What you have to do
Look for "abbreviation" in the records and copy every line that has it.

Top of Data shown

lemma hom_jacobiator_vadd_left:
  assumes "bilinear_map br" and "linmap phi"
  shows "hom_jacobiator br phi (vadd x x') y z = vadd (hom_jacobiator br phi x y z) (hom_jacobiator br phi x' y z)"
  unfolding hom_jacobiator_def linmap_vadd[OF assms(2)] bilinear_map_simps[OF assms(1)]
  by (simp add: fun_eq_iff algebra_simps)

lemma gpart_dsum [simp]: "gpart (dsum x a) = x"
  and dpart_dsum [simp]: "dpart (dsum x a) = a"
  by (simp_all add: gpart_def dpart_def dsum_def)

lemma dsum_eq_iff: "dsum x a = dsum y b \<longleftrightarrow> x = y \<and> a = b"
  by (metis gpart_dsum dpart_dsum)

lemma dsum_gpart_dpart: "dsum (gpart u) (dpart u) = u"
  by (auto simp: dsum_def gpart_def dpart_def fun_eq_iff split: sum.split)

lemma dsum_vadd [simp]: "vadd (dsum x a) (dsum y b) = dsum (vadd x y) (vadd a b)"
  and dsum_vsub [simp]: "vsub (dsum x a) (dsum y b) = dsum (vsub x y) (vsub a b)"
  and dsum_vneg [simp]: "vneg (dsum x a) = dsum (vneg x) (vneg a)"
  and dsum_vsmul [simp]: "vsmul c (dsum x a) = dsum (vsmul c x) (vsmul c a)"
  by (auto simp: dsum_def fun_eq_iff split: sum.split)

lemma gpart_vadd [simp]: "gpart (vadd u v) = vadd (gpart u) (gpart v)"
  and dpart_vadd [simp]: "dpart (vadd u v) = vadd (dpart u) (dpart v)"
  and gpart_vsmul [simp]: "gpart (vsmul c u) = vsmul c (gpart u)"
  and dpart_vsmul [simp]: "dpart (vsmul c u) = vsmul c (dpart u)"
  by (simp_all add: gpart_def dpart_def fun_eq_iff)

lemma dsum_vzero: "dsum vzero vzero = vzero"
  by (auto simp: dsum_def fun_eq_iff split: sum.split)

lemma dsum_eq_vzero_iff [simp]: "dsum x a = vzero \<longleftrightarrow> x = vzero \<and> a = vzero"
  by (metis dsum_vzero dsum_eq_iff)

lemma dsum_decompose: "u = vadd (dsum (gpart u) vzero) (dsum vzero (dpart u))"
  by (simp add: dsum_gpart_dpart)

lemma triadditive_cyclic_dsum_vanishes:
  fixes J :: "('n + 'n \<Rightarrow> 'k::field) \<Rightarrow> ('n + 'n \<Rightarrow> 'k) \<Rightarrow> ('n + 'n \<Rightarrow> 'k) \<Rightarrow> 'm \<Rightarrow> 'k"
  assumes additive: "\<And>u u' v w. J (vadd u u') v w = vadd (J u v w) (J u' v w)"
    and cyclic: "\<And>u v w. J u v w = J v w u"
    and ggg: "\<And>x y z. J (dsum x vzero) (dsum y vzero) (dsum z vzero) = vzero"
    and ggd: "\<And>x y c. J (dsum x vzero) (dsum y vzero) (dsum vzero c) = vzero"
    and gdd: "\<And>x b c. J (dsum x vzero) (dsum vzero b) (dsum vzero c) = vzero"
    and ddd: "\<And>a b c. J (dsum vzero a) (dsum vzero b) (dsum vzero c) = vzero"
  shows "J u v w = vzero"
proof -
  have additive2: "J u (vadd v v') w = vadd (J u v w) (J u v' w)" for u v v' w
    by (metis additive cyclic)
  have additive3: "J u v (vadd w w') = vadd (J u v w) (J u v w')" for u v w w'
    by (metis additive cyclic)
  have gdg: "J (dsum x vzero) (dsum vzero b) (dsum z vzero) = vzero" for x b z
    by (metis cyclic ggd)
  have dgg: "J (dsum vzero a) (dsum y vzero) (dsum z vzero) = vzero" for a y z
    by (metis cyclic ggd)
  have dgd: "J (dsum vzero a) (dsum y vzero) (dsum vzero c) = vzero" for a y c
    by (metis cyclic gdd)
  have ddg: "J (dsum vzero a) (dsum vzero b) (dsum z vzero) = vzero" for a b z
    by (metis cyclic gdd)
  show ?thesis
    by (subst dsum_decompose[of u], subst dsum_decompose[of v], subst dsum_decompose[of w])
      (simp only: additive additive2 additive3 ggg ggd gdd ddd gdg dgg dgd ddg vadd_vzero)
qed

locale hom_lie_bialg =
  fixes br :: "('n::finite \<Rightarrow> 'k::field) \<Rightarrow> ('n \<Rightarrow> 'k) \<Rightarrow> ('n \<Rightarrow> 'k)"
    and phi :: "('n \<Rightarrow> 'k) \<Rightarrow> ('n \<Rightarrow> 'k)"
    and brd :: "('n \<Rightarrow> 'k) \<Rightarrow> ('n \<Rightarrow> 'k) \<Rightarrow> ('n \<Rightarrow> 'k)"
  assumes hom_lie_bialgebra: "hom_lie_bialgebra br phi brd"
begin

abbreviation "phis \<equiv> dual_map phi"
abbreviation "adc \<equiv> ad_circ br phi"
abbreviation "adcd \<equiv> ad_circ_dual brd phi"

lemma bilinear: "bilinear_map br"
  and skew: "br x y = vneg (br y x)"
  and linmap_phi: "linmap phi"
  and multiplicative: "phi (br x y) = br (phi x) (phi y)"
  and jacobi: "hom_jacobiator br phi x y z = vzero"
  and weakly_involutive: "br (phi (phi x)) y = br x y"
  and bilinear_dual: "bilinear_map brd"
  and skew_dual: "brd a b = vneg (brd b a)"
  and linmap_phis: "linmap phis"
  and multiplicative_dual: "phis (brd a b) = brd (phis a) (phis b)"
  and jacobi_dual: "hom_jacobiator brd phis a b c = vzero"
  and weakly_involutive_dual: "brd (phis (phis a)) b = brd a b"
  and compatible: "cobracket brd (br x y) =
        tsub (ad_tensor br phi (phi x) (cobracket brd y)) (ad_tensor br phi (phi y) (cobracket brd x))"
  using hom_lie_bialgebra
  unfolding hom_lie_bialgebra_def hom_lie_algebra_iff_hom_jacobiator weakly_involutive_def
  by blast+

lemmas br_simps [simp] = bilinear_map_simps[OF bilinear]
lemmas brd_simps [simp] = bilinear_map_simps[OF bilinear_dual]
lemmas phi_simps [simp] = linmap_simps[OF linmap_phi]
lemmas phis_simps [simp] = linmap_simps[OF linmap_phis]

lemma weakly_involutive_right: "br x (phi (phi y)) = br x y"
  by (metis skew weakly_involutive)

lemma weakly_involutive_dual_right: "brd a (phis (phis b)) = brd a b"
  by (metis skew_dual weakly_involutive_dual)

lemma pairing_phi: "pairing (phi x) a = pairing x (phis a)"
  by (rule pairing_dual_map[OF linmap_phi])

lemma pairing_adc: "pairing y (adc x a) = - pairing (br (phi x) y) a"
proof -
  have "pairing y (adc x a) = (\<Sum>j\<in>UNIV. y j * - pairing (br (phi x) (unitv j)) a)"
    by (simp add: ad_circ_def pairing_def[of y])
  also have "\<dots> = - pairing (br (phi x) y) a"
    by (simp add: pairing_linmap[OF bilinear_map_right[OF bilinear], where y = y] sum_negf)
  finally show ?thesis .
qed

Bottom of Data shown
Top of Data shown

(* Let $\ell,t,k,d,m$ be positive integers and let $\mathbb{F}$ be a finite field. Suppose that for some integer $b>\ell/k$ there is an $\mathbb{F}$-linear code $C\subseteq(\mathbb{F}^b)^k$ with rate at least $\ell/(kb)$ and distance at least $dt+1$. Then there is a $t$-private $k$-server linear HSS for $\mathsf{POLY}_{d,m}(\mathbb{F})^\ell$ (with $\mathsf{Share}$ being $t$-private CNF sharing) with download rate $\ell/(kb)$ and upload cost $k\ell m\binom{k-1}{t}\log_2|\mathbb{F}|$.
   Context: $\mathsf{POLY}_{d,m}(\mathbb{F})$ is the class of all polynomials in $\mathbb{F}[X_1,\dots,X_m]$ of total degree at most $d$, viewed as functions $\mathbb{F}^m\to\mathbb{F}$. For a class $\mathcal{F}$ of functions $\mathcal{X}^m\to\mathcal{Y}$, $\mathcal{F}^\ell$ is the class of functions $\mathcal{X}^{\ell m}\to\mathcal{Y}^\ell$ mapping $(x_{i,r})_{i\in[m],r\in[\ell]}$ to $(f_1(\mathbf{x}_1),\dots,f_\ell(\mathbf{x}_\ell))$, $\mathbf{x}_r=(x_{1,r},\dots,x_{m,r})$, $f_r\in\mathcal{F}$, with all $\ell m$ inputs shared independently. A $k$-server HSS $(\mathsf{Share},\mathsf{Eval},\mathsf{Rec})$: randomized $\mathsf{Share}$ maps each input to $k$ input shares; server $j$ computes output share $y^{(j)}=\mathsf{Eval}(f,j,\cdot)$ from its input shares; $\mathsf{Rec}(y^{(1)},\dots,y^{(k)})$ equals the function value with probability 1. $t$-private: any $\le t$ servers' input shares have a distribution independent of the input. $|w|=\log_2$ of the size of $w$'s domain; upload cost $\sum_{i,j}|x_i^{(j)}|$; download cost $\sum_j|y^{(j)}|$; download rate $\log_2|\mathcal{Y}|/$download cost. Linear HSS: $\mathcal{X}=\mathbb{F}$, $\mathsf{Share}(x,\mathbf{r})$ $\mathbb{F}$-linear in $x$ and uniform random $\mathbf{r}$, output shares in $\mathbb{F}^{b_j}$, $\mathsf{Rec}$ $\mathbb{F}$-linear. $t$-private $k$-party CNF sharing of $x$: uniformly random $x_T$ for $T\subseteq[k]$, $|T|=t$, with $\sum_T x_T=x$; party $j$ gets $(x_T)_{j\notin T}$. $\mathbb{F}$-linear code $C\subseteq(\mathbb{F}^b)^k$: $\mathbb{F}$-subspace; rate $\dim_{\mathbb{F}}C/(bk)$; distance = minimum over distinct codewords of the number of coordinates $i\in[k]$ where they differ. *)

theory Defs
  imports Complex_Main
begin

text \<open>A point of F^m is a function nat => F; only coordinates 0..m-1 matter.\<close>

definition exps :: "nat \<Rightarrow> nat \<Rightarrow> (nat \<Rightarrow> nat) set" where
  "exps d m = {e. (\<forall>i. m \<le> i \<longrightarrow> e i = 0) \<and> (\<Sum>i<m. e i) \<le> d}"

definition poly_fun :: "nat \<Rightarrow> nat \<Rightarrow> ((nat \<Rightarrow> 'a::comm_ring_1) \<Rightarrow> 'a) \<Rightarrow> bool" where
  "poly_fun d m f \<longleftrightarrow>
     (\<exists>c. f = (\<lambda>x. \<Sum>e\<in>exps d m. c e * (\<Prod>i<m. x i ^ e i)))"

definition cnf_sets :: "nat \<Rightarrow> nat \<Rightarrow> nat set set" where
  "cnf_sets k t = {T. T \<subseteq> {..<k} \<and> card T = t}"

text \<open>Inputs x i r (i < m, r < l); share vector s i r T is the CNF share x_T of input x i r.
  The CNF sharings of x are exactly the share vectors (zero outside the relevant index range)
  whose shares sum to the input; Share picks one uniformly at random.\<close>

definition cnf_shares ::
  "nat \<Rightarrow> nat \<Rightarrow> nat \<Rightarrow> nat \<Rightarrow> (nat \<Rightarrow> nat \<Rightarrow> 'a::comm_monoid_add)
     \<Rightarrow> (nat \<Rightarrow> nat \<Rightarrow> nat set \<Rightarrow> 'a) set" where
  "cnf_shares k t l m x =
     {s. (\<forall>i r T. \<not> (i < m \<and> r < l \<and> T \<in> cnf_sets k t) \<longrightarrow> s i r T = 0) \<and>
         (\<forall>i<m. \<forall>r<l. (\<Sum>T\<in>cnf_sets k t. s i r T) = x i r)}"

Bottom of Data shown
Top of Data shown

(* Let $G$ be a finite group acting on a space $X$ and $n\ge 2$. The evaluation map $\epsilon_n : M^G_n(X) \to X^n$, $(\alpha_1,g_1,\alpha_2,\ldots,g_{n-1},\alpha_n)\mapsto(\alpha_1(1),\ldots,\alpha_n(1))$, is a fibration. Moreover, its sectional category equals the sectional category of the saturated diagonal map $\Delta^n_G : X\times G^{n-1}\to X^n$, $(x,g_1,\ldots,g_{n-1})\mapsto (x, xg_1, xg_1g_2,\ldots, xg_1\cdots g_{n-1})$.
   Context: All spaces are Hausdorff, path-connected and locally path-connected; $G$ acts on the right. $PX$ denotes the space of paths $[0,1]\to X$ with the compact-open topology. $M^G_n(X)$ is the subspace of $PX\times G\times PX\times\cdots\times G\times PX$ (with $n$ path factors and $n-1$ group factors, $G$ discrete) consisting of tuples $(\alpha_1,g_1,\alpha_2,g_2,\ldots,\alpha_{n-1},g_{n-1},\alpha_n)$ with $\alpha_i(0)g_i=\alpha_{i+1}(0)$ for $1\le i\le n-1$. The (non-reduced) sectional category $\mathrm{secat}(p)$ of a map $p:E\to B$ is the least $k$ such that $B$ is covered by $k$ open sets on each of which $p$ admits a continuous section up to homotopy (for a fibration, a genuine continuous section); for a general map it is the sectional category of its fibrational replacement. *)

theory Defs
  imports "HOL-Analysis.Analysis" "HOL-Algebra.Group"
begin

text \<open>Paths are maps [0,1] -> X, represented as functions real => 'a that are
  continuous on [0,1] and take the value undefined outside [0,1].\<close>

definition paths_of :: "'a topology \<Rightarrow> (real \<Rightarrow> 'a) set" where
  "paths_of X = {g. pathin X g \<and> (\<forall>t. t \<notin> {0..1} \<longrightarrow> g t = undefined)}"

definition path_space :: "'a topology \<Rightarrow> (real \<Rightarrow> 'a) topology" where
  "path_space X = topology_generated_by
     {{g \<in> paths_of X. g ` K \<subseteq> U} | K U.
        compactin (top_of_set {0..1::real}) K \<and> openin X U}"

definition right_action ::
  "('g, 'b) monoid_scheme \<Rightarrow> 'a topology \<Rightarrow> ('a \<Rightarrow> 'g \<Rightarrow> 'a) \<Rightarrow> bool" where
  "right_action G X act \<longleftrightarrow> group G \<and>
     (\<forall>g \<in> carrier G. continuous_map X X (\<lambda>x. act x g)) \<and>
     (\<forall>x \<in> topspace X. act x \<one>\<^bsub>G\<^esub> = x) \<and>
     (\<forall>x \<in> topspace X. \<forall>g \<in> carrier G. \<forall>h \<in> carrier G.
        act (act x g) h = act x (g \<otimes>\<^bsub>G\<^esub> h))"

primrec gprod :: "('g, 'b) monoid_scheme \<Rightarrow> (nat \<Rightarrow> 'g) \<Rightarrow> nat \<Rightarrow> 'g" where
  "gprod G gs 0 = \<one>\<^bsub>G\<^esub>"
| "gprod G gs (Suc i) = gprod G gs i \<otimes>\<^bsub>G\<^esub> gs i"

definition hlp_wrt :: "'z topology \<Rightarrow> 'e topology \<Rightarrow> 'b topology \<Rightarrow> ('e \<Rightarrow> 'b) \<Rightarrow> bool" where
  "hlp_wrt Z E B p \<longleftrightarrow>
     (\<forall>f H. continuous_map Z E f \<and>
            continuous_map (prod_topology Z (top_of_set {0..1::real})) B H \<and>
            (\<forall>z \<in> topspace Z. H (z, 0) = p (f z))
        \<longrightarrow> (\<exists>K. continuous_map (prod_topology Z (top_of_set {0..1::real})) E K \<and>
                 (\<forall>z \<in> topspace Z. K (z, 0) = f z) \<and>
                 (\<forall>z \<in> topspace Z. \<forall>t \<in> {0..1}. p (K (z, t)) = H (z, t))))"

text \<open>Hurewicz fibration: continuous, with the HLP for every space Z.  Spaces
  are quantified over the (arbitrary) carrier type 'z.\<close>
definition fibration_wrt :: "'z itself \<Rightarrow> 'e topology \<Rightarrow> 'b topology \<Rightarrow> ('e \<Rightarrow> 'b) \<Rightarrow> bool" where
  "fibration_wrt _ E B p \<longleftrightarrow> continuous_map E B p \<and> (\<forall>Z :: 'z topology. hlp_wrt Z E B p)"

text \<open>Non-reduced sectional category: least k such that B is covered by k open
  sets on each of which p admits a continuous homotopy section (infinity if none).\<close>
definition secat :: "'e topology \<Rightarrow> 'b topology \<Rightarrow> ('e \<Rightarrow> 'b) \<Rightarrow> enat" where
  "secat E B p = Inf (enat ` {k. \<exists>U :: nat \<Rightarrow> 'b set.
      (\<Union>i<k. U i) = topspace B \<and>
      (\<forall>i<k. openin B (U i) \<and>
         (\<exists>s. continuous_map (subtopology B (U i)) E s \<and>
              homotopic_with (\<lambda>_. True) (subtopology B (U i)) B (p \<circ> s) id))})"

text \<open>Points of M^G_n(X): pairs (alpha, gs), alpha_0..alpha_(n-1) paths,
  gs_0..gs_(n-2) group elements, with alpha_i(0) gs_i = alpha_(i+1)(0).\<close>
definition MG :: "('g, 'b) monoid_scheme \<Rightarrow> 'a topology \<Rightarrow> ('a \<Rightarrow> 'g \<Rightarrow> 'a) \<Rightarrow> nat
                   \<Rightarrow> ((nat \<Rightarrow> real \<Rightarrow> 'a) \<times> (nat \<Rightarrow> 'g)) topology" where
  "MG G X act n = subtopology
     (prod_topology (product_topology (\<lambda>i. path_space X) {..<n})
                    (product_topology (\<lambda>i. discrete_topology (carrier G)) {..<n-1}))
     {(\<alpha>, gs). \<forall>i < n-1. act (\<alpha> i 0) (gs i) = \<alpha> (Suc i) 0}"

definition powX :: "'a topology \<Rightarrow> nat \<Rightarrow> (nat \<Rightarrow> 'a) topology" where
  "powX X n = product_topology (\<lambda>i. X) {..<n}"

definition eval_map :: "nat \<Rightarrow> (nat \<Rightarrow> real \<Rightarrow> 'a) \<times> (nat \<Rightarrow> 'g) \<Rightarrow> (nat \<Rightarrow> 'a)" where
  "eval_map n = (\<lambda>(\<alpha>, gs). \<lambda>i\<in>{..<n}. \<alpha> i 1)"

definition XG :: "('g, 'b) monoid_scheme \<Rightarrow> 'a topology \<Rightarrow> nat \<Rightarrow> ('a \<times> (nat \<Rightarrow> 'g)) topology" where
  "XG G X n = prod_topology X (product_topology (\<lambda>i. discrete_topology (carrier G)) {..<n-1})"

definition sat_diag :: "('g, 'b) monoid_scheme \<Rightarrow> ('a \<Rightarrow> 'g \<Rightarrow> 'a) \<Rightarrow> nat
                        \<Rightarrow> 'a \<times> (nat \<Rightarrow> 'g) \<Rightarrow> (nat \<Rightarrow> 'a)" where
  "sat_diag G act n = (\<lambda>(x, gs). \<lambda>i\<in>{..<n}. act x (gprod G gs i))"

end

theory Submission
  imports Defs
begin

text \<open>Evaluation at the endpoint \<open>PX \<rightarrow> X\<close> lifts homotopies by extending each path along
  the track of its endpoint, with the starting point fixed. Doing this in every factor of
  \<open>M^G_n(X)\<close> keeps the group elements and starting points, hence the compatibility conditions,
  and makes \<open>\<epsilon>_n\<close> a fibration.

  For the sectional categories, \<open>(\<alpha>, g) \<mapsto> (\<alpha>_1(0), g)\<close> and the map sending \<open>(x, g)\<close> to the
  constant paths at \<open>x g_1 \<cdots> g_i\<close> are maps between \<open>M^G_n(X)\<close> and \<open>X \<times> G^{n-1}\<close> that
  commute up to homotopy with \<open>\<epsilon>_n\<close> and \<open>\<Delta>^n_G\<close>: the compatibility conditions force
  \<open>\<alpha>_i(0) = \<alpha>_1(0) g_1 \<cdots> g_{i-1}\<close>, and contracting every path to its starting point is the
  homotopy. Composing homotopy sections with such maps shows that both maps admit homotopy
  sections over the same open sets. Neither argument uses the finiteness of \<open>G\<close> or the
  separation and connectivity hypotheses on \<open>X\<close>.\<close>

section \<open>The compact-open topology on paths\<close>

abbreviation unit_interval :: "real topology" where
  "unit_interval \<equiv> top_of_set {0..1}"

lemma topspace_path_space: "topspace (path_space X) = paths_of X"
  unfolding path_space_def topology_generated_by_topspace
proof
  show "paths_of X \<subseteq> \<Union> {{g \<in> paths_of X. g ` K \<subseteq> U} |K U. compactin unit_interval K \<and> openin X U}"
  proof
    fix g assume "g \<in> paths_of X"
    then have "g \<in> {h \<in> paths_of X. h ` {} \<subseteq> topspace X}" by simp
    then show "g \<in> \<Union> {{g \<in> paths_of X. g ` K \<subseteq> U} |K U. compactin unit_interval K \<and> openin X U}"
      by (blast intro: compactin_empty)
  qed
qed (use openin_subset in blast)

Bottom of Data shown

Answer for this exercise
abbreviation "phis \<equiv> dual_map phi"
abbreviation "adc \<equiv> ad_circ br phi"
abbreviation "adcd \<equiv> ad_circ_dual brd phi"
abbreviation unit_interval :: "real topology" where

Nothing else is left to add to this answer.